▶ [Work item]:
Restate word for word the span that opens with the line containing "using truth_lemma[OF M(1)] by blast" and closes with the final line of the data; give only those lines.

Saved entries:
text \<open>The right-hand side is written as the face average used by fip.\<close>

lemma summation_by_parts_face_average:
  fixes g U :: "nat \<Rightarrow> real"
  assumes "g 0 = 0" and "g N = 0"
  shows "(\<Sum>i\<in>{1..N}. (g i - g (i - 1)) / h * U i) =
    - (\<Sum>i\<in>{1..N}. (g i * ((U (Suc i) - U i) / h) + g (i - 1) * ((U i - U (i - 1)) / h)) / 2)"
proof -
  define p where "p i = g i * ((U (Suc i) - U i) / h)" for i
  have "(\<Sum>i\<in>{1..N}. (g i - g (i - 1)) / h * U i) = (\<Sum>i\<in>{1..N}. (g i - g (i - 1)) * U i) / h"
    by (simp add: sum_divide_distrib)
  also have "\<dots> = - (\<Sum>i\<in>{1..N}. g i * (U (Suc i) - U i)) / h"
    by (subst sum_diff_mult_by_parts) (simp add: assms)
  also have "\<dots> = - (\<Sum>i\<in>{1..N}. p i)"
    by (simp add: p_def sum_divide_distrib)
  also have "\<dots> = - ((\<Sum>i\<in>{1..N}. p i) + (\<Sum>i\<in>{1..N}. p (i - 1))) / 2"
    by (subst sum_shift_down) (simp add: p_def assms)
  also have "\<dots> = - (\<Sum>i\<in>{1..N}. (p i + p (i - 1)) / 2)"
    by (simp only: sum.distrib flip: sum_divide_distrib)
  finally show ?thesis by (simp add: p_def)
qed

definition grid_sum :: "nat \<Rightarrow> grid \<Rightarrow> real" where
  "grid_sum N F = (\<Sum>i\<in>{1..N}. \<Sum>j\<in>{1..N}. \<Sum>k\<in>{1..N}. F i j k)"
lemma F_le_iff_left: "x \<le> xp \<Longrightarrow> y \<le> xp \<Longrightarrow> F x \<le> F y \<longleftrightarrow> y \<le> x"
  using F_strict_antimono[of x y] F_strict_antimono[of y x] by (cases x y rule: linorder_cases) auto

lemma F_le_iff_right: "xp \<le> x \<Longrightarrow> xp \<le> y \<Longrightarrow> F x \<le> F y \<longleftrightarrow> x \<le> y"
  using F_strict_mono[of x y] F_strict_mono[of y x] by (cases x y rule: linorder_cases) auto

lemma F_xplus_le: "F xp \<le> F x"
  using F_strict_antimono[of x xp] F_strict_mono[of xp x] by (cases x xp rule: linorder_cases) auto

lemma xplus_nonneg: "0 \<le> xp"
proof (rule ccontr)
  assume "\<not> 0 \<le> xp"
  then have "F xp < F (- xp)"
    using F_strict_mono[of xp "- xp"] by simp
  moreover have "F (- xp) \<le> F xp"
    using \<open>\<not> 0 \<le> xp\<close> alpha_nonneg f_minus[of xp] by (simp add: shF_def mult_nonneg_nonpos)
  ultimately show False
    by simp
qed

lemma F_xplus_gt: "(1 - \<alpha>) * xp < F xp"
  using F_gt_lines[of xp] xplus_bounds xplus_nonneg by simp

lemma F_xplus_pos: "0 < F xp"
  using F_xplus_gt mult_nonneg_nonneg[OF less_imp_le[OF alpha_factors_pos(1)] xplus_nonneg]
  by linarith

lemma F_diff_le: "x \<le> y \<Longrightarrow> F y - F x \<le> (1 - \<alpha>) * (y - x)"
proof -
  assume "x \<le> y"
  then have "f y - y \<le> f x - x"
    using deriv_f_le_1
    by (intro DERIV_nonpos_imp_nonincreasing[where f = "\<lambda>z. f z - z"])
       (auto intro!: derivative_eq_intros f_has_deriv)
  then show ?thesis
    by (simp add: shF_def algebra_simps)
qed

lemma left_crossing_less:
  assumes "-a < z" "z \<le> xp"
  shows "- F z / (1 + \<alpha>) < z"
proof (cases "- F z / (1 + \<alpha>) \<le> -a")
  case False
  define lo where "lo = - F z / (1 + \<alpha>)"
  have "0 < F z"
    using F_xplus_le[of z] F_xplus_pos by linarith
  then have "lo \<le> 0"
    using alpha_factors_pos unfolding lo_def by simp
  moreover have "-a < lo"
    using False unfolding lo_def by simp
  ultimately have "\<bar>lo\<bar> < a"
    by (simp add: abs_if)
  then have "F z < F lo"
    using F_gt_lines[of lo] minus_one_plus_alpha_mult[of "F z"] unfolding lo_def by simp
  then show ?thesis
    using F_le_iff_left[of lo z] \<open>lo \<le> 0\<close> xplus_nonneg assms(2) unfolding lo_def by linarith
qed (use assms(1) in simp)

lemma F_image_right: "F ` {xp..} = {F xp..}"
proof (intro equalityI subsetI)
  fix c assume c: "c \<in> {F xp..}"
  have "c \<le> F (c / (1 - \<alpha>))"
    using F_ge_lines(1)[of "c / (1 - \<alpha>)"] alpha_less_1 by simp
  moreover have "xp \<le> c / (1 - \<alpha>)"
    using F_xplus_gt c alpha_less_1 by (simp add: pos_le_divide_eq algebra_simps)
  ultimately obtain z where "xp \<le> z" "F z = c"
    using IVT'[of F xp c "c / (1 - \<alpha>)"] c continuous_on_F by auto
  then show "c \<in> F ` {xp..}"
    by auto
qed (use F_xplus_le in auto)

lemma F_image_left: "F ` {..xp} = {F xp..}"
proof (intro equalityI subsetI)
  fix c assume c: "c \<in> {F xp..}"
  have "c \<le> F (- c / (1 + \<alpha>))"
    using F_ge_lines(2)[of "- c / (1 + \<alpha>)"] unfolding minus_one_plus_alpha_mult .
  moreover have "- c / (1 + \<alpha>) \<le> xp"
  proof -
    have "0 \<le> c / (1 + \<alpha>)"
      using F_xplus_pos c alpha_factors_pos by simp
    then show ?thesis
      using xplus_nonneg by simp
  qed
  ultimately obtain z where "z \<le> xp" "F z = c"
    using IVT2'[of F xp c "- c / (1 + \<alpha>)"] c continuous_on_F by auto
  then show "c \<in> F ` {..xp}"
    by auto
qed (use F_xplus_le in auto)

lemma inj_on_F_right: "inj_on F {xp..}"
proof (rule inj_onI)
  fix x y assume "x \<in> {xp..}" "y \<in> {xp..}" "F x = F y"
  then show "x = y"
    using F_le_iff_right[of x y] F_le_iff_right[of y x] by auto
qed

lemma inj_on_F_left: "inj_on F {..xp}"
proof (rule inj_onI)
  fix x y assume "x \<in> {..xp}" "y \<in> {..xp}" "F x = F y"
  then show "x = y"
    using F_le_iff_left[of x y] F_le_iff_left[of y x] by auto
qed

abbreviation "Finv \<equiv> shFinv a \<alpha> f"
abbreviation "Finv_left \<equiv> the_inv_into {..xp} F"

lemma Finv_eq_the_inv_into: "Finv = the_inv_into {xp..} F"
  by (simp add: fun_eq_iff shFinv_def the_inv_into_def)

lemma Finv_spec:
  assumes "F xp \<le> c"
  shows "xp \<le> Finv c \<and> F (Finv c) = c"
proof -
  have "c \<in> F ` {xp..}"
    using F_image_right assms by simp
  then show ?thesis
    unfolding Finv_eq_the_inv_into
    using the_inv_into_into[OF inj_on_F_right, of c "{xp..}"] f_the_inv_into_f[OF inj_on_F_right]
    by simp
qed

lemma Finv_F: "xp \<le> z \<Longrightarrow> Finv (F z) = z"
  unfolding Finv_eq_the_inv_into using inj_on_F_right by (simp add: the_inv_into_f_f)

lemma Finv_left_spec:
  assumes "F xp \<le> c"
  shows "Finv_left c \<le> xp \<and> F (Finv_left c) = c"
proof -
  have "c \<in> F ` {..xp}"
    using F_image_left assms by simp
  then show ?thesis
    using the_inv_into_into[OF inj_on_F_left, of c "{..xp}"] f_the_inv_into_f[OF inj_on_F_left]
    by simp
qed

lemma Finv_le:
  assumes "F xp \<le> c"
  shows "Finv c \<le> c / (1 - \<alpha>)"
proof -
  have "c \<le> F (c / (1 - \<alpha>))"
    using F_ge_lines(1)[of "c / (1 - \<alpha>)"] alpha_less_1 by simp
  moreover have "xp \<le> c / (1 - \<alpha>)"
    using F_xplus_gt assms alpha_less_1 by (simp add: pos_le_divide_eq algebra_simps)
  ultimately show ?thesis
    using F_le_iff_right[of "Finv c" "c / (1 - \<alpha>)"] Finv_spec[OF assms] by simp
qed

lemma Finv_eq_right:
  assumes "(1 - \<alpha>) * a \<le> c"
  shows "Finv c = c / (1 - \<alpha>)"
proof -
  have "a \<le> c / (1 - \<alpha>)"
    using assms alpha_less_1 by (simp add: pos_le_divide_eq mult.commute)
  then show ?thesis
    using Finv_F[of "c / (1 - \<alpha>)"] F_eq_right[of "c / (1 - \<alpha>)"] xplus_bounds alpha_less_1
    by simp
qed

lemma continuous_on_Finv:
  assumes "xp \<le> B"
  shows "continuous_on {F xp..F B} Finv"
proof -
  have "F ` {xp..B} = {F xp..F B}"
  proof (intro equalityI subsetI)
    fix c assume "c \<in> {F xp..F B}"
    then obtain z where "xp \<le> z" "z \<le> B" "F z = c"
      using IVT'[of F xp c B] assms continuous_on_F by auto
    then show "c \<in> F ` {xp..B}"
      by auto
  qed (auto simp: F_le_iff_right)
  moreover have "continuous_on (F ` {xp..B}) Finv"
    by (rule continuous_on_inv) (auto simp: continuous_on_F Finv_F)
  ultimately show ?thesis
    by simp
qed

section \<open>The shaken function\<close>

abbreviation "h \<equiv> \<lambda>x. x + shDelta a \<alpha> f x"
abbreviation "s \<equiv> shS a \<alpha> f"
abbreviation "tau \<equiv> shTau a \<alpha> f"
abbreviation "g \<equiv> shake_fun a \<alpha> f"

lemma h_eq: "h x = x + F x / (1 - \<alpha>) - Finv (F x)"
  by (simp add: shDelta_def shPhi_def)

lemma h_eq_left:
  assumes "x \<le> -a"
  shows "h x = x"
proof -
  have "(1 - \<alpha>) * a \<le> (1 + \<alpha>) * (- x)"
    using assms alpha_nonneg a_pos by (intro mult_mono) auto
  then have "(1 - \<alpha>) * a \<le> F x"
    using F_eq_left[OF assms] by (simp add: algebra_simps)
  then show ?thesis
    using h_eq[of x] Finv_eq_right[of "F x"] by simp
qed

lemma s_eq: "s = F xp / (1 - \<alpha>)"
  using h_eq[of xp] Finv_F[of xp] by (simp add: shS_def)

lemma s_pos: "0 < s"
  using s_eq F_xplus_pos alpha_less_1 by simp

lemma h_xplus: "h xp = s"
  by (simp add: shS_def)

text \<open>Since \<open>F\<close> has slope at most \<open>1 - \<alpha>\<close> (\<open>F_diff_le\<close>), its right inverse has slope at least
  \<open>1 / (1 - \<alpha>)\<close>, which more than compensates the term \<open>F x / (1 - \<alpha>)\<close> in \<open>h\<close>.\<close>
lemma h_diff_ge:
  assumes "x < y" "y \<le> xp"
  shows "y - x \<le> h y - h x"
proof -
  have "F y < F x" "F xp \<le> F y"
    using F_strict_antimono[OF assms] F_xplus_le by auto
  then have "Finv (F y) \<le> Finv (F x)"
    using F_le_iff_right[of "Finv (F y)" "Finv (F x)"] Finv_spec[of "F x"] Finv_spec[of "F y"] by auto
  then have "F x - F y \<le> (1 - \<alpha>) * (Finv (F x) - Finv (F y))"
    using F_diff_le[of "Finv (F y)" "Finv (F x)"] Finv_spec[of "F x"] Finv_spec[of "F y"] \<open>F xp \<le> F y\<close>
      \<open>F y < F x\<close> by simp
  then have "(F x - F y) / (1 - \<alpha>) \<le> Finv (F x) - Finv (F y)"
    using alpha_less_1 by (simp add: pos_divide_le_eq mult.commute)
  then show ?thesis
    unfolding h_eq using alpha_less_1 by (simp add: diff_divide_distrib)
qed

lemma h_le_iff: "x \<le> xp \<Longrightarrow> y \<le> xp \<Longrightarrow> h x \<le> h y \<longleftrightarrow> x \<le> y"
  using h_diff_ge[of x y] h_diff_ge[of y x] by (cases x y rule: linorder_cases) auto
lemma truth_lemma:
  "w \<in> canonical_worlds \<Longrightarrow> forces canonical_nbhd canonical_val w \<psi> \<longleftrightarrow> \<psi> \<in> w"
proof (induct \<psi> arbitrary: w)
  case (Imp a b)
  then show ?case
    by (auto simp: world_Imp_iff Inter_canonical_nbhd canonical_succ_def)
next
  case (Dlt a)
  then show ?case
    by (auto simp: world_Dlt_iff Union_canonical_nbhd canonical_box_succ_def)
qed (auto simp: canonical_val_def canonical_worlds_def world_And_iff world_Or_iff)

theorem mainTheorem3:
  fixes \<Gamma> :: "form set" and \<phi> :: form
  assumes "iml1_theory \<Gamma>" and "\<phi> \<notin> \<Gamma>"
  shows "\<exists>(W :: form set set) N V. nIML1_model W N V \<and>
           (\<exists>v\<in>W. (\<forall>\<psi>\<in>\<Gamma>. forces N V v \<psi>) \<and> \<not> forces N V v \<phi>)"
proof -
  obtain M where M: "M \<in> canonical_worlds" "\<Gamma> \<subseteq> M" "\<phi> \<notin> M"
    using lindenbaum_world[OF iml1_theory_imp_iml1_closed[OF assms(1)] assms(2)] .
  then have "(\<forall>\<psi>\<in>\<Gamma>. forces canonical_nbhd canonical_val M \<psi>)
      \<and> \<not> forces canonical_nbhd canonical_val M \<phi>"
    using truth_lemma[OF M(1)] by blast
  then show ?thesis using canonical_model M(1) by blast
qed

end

▶ [Result]:
    using truth_lemma[OF M(1)] by blast
  then show ?thesis using canonical_model M(1) by blast
qed

end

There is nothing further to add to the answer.